При спуске в долину реки дорога пошла по её обрывистому берегу. Словно обезумев, река несла на себе вывороченные с берега коряги, крутила водовороты и гудела так, что закладывало уши. Максут шёл у колонны со стороны реки. Когда колонна вышла на участок, сжатый с обратной стороны отвесной скалой, там, где он шёл, раздались крики. Обернувшись туда, Еремей увидел, что обрыв, по которому шёл Максут, оползает в воду, а сам он уже в реке, и его быстро несёт по течению. Скинув с себя бушлат, Еремей бросился за Максутом. А его уже крутило в водоворотах и захлёстывало волнами. Захлёбываясь и сам, Еремей успел схватить Максута одной рукой за ворот шинели, а другой уцепиться за подвернувшуюся корягу. На повороте реки их вынесло на мель. Первым подбежал к ним старшина Кабин. «Где винтовка?!» — заорал он на Максута и ударил его по лицу. Ответить Максут ничего не мог. Затравленно глядя на старшину, он дрожал всем телом и прятал руки в рукава шинели. «А ты, — обернулся старшина к Еремею, — держи!» И подал ему фляжку с водкой. Еремей сделал несколько глотков, но горечи водки не почувствовал. Допив остатки водки, старшина внимательно и со всех сторон осмотрел Еремея, даже пощупал изношенную до дыр правую гачу и, смеясь, заявил: «А ты, стерва, в рубашке родился!» Оказывается, когда Еремей прыгнул в воду, охрана, думая, что в возникшей суматохе он решился на побег, по нему стреляла. Распоряжением администрации колымских лагерей за спасение охранника Еремея перевели в другой, менее опасный для здоровья лагерь, Максут за утопленную в реке винтовку пошёл под суд, а те, кто стрелял в Еремея и не попали в него, сели на губу.

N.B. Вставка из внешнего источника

lemma has_edge_signs_unique:
  fixes \<sigma> :: "'v::linorder set"
  assumes finite: "finite \<sigma>" and "\<sigma> \<noteq> {}" "card \<sigma> \<le> 4"
    and xs: "framed_small \<sigma> xs" "has_edge_signs a \<sigma> xs"
    and ys: "framed_small \<sigma> ys" "has_edge_signs a \<sigma> ys"
  shows "neck_eq xs ys"
proof -
  let ?n = "card \<sigma>" and ?f = "nth_vertex \<sigma>"
  have signs: "edge_signs ?n G = vertex_signs a \<sigma>"
    if "G \<in> set (normal_necklaces ?n)" "rotate k zs = map (apfst ?f) G" "has_edge_signs a \<sigma> zs"
    for G k zs
    using that has_edge_signs_relabel_iff[OF finite] has_edge_signs_neck_eq[OF neck_eq_rotate] by metis
  obtain k G where G: "G \<in> set (normal_necklaces ?n)" "rotate k xs = map (apfst ?f) G"
    using framed_small_relabel[OF finite \<open>\<sigma> \<noteq> {}\<close> xs(1)] by blast
  obtain l H where H: "H \<in> set (normal_necklaces ?n)" "rotate l ys = map (apfst ?f) H"
    using framed_small_relabel[OF finite \<open>\<sigma> \<noteq> {}\<close> ys(1)] by blast
  have "0 < ?n"
    using assms(1,2) by (simp add: card_gt_0_iff)
  then have "G = H"
    using inj_on_edge_signs[of ?n] assms(3) signs[OF G xs(2)] signs[OF H ys(2)] G(1) H(1)
    by (metis inj_onD)
  then have "rotate k xs = rotate l ys"
    using G(2) H(2) by simp
  then show ?thesis
    by (metis neck_eq_rotate neck_eq_sym neck_eq_trans)
qed

lemma framed_small_restrict_neck:
  fixes \<sigma> :: "'v::linorder set"
  assumes finite: "finite \<sigma>" and "\<sigma> \<noteq> {}" "card \<sigma> \<le> 4" and small: "framed_small \<sigma> xs"
    and "\<tau> \<subseteq> \<sigma>" "\<tau> \<noteq> {}"
  shows "framed_small \<tau> (restrict_neck \<tau> xs)"
proof -
  let ?n = "card \<sigma>" and ?f = "nth_vertex \<sigma>"
  obtain k G where G: "G \<in> set (normal_necklaces ?n)" "rotate k xs = map (apfst ?f) G"
    using framed_small_relabel[OF finite \<open>\<sigma> \<noteq> {}\<close> small] by blast
  define T where "T = {i. i < ?n \<and> ?f i \<in> \<tau>}"
  have "?f ` T = ?f ` {0..<?n} \<inter> \<tau>"
    unfolding T_def by auto
  then have T: "T \<subseteq> {0..<?n}" "?f ` T = \<tau>"
    unfolding T_def using nth_vertex_image[OF finite] assms(5) by auto
  then have "framed_small T (restrict_neck T G)"
    using normal_necklaces_restrict_framed_small[OF _ assms(3) G(1)] assms(2,6) finite
    by (auto simp: card_gt_0_iff)
  then have "framed_small \<tau> (map (apfst ?f) (restrict_neck T G))"
    using framed_small_map_apfst[OF inj_on_nth_vertex[OF finite] T(1)] T(2) by simp
  also have "map (apfst ?f) (restrict_neck T G) = restrict_neck \<tau> (rotate k xs)"
    using restrict_neck_map_apfst[OF inj_on_nth_vertex[OF finite] T(1) normal_necklaces_colours[OF G(1)]] T(2) G(2)
    by simp
  finally show ?thesis
    using framed_small_neck_eq neck_eq_restrict_neck neck_eq_rotate neck_eq_sym by blast
qed

lemma cobdry_triangle:
  fixes v0 v1 v2 :: "'v::linorder"
  assumes "v0 < v1" "v1 < v2"
  shows "cobdry c {v0, v1, v2} = c {v1, v2} - c {v0, v2} + c {v0, v1}"
proof -
  let ?s = "{v0, v1, v2}"
  have distinct: "v0 \<noteq> v1" "v0 \<noteq> v2" "v1 \<noteq> v2"
    using assms by auto
  then have sum: "(\<Sum>v\<in>?s. h v) = h v0 + h v1 + h v2" for h :: "'v \<Rightarrow> 'b::comm_monoid_add"
    by (simp add: add.assoc)
  have below: "{u \<in> ?s. u < v0} = {}" "{u \<in> ?s. u < v1} = {v0}" "{u \<in> ?s. u < v2} = {v0, v1}"
    using assms by auto
  have faces: "?s - {v0} = {v1, v2}" "?s - {v1} = {v0, v2}" "?s - {v2} = {v0, v1}"
    using distinct by auto
  show ?thesis
    unfolding cobdry_def sum below faces using distinct by simp
qed

lemma cobdry_tetrahedron:
  fixes v0 v1 v2 v3 :: "'v::linorder"
  assumes "v0 < v1" "v1 < v2" "v2 < v3"
  shows "cobdry c {v0, v1, v2, v3} = c {v1, v2, v3} - c {v0, v2, v3} + c {v0, v1, v3} - c {v0, v1, v2}"
proof -
  let ?s = "{v0, v1, v2, v3}"
  have distinct: "v0 \<noteq> v1" "v0 \<noteq> v2" "v0 \<noteq> v3" "v1 \<noteq> v2" "v1 \<noteq> v3" "v2 \<noteq> v3"
    using assms by auto
  then have sum: "(\<Sum>v\<in>?s. h v) = h v0 + h v1 + h v2 + h v3" for h :: "'v \<Rightarrow> 'b::comm_monoid_add"
    by (simp add: add.assoc)
  have below: "{u \<in> ?s. u < v0} = {}" "{u \<in> ?s. u < v1} = {v0}" "{u \<in> ?s. u < v2} = {v0, v1}"
       "{u \<in> ?s. u < v3} = {v0, v1, v2}"
    using assms by auto
  have faces: "?s - {v0} = {v1, v2, v3}" "?s - {v1} = {v0, v2, v3}" "?s - {v2} = {v0, v1, v3}"
        "?s - {v3} = {v0, v1, v2}"
    using distinct by auto
  show ?thesis
    unfolding cobdry_def sum below faces using distinct by simp
qed

lemma cocycle_condition4_vertex_signs:
  fixes \<sigma> :: "'v::linorder set"
  assumes "finite \<sigma>" "card \<sigma> = 4"
  shows "cocycle_condition4 (vertex_signs a \<sigma>) \<longleftrightarrow> cobdry (\<lambda>\<tau>. F (cobdry a \<tau>)) \<sigma> = 0"
proof -
  define vs where "vs = sorted_list_of_set \<sigma>"
  have "length vs = 4"
    using assms unfolding vs_def by simp
  then obtain v0 v1 v2 v3 where vs: "vs = [v0, v1, v2, v3]"
    by (auto simp: numeral_eq_Suc length_Suc_conv)
  moreover have "sorted_wrt (<) vs"
    unfolding vs_def by (rule strict_sorted_list_of_set)
  ultimately have "sorted_wrt (<) [v0, v1, v2, v3]"
    by simp
  then have less: "v0 < v1" "v1 < v2" "v2 < v3" "v0 < v2" "v0 < v3" "v1 < v3"
    by auto
  have "\<sigma> = {v0, v1, v2, v3}"
    using assms(1) vs unfolding vs_def by (metis set_sorted_list_of_set list.set(1) list.set(2))
  moreover have "index_pairs 4 = [(0, 1), (0, 2), (0, 3), (1, 2), (1, 3), (2, 3)]"
    by code_simp
  ultimately show ?thesis
    unfolding cocycle_condition4_def vertex_signs_def nth_vertex_def vs_def[symmetric] vs assms(2)
    by (simp add: cobdry_tetrahedron cobdry_triangle less)
qed

text \<open>A junk value unless a normal form with the prescribed edge signs exists, which is what
  \<open>small_necklace_spec\<close> establishes.\<close>

definition small_necklace :: "('v set \<Rightarrow> int) \<Rightarrow> 'v::linorder set \<Rightarrow> 'v fnecklace" where
  "small_necklace a \<sigma> = map (apfst (nth_vertex \<sigma>))
     (SOME G. G \<in> set (normal_necklaces (card \<sigma>)) \<and> edge_signs (card \<sigma>) G = vertex_signs a \<sigma>)"

lemma small_necklace_spec:
  fixes \<sigma> :: "'v::linorder set"
  assumes finite: "finite \<sigma>" and "\<sigma> \<noteq> {}" "card \<sigma> \<le> 4"
    and signs: "\<And>e. e \<subseteq> \<sigma> \<Longrightarrow> card e = 2 \<Longrightarrow> a e = 1 \<or> a e = -1"
    and cocycle: "card \<sigma> = 4 \<Longrightarrow> cobdry (\<lambda>\<tau>. F (cobdry a \<tau>)) \<sigma> = 0"
  shows "framed_small \<sigma> (small_necklace a \<sigma>) \<and> has_edge_signs a \<sigma> (small_necklace a \<sigma>)"
proof -
  let ?n = "card \<sigma>" and ?f = "nth_vertex \<sigma>"
  have n: "0 < ?n"
    using assms(1,2) by (simp add: card_gt_0_iff)
  have "set (vertex_signs a \<sigma>) \<subseteq> {1, -1}"
  proof
    fix s assume "s \<in> set (vertex_signs a \<sigma>)"
    then obtain p q where pq: "p < q" "q < ?n" "s = a {?f p, ?f q}"
      unfolding vertex_signs_def by (auto simp: set_index_pairs)
    then have "{?f p, ?f q} \<subseteq> \<sigma>" "card {?f p, ?f q} = 2"
      using nth_vertex_image[OF finite] nth_vertex_less[OF finite pq(1,2)] by auto
    then show "s \<in> {1, -1}"
      using signs pq(3) by auto
  qed
  then have "\<exists>G\<in>set (normal_necklaces ?n). edge_signs ?n G = vertex_signs a \<sigma>"
    using edge_signs_surjective[OF n assms(3)] cocycle cocycle_condition4_vertex_signs[OF finite]
    by (simp add: vertex_signs_def)
  then obtain G where G: "G \<in> set (normal_necklaces ?n)" "edge_signs ?n G = vertex_signs a \<sigma>"
    and def: "small_necklace a \<sigma> = map (apfst ?f) G"
    unfolding small_necklace_def by (metis (mono_tags, lifting) someI_ex)
  have "restrict_neck {0..<?n} G = G"
    using normal_necklaces_colours[OF G(1)] unfolding restrict_neck_def by (intro filter_True) auto
  then have "framed_small {0..<?n} G"
    using normal_necklaces_restrict_framed_small[OF n assms(3) G(1), of "{0..<?n}"] n by simp
  then have "framed_small \<sigma> (map (apfst ?f) G)"
    using framed_small_map_apfst[OF inj_on_nth_vertex[OF finite] subset_refl] nth_vertex_image[OF finite]
    by metis
  then show ?thesis
    using has_edge_signs_relabel_iff[OF finite G(1)] G(2) def by simp
qed
lemma orthogonal_projector_exists:
  fixes S :: "(real^'n) set"
  assumes "subspace S"
  obtains Q :: "real^'n^'n"
  where "transpose Q = Q" "\<And>x. Q *v x \<in> S" "\<And>x. x \<in> S \<Longrightarrow> Q *v x = x"
proof -
  obtain T where T: "T \<subseteq> S" "pairwise orthogonal T" "span T = S"
    using orthogonal_basis_subspace[OF assms] by metis
  define q where "q x = (\<Sum>b\<in>T. (b \<bullet> x / (b \<bullet> b)) *\<^sub>R b)" for x
  have "bounded_linear q"
    unfolding q_def
    by (intro bounded_linear_sum bounded_linear_compose[OF bounded_linear_scaleR_left]
        bounded_linear_compose[OF bounded_linear_divide bounded_linear_inner_right])
  then have Qq: "matrix q *v x = q x" for x
    by (metis matrix_vector_mul(3))
  have qS: "q x \<in> S" for x
  proof -
    have "q x \<in> span T" unfolding q_def by (intro span_sum span_mul span_base)
    then show ?thesis using T by simp
  qed
  have orth: "(x - q x) \<bullet> w = 0" if "w \<in> S" for x w
    using Gram_Schmidt_step[OF T(2), of w x] that T(3)
    unfolding q_def orthogonal_def by (simp add: inner_commute)
  have "q x = x" if "x \<in> S" for x
  proof -
    have "x - q x \<in> S" using that qS assms by (simp add: subspace_diff)
    then have "(x - q x) \<bullet> (x - q x) = 0" using orth by blast
    then show ?thesis by simp
  qed
  moreover have "transpose (matrix q) = matrix q"
  proof (rule symmetric_matrixI)
    fix x y
    have "x \<bullet> q y = q x \<bullet> q y" using orth[OF qS] by (simp add: inner_diff_left)
    also have "\<dots> = q x \<bullet> y" using orth[OF qS, of y x]
      by (simp add: inner_diff_right inner_commute)
    finally show "x \<bullet> (matrix q *v y) = (matrix q *v x) \<bullet> y" by (simp add: Qq)
  qed
  ultimately show ?thesis
    using that[of "matrix q"] qS by (simp add: Qq)
qed

lemma kernel_projector_exists:
  fixes X :: "real^'n^'n"
  assumes sX: "transpose X = X"
  obtains Q :: "real^'n^'n"
  where "transpose Q = Q" "\<And>x. X *v (Q *v x) = 0" "\<And>x. Q *v (X *v x) = 0"
    "\<And>x. X *v x = 0 \<Longrightarrow> Q *v x = x"
proof -
  have "subspace {x. X *v x = 0}"
    by (rule linear_subspace_kernel) simp
  then obtain Q where sQ: "transpose Q = Q" and XQ: "\<And>x. X *v (Q *v x) = 0"
    and "\<And>x. X *v x = 0 \<Longrightarrow> Q *v x = x"
    by (rule orthogonal_projector_exists) auto
  moreover have "Q *v (X *v v) = 0" for v
  proof -
    have "(Q *v (X *v v)) \<bullet> w = 0" for w
      using symmetric_matrix_inner[OF sQ, of "X *v v" w]
        symmetric_matrix_inner[OF sX, of v "Q *v w"] XQ[of w]
      by (simp add: inner_commute)
    from this[of "Q *v (X *v v)"] show ?thesis by simp
  qed
  ultimately show ?thesis using that by blast
qed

Перевели Еремея в лагерь на Аркагалу, где зэки добывали уголь. Расположенный в пойме реки, лагерь состоял из одних бараков, за колючей проволокой стояли остроконечные чозении, выше, на склоне небольшой сопки, рос лиственничный редкостой, вершина сопки пряталась в зелёном ковре стланика. Не было здесь, как на Бутугычаге, каменной громады гор, солнце редко сходило с неба, а когда шли дожди, они были тёплыми и непродолжительными.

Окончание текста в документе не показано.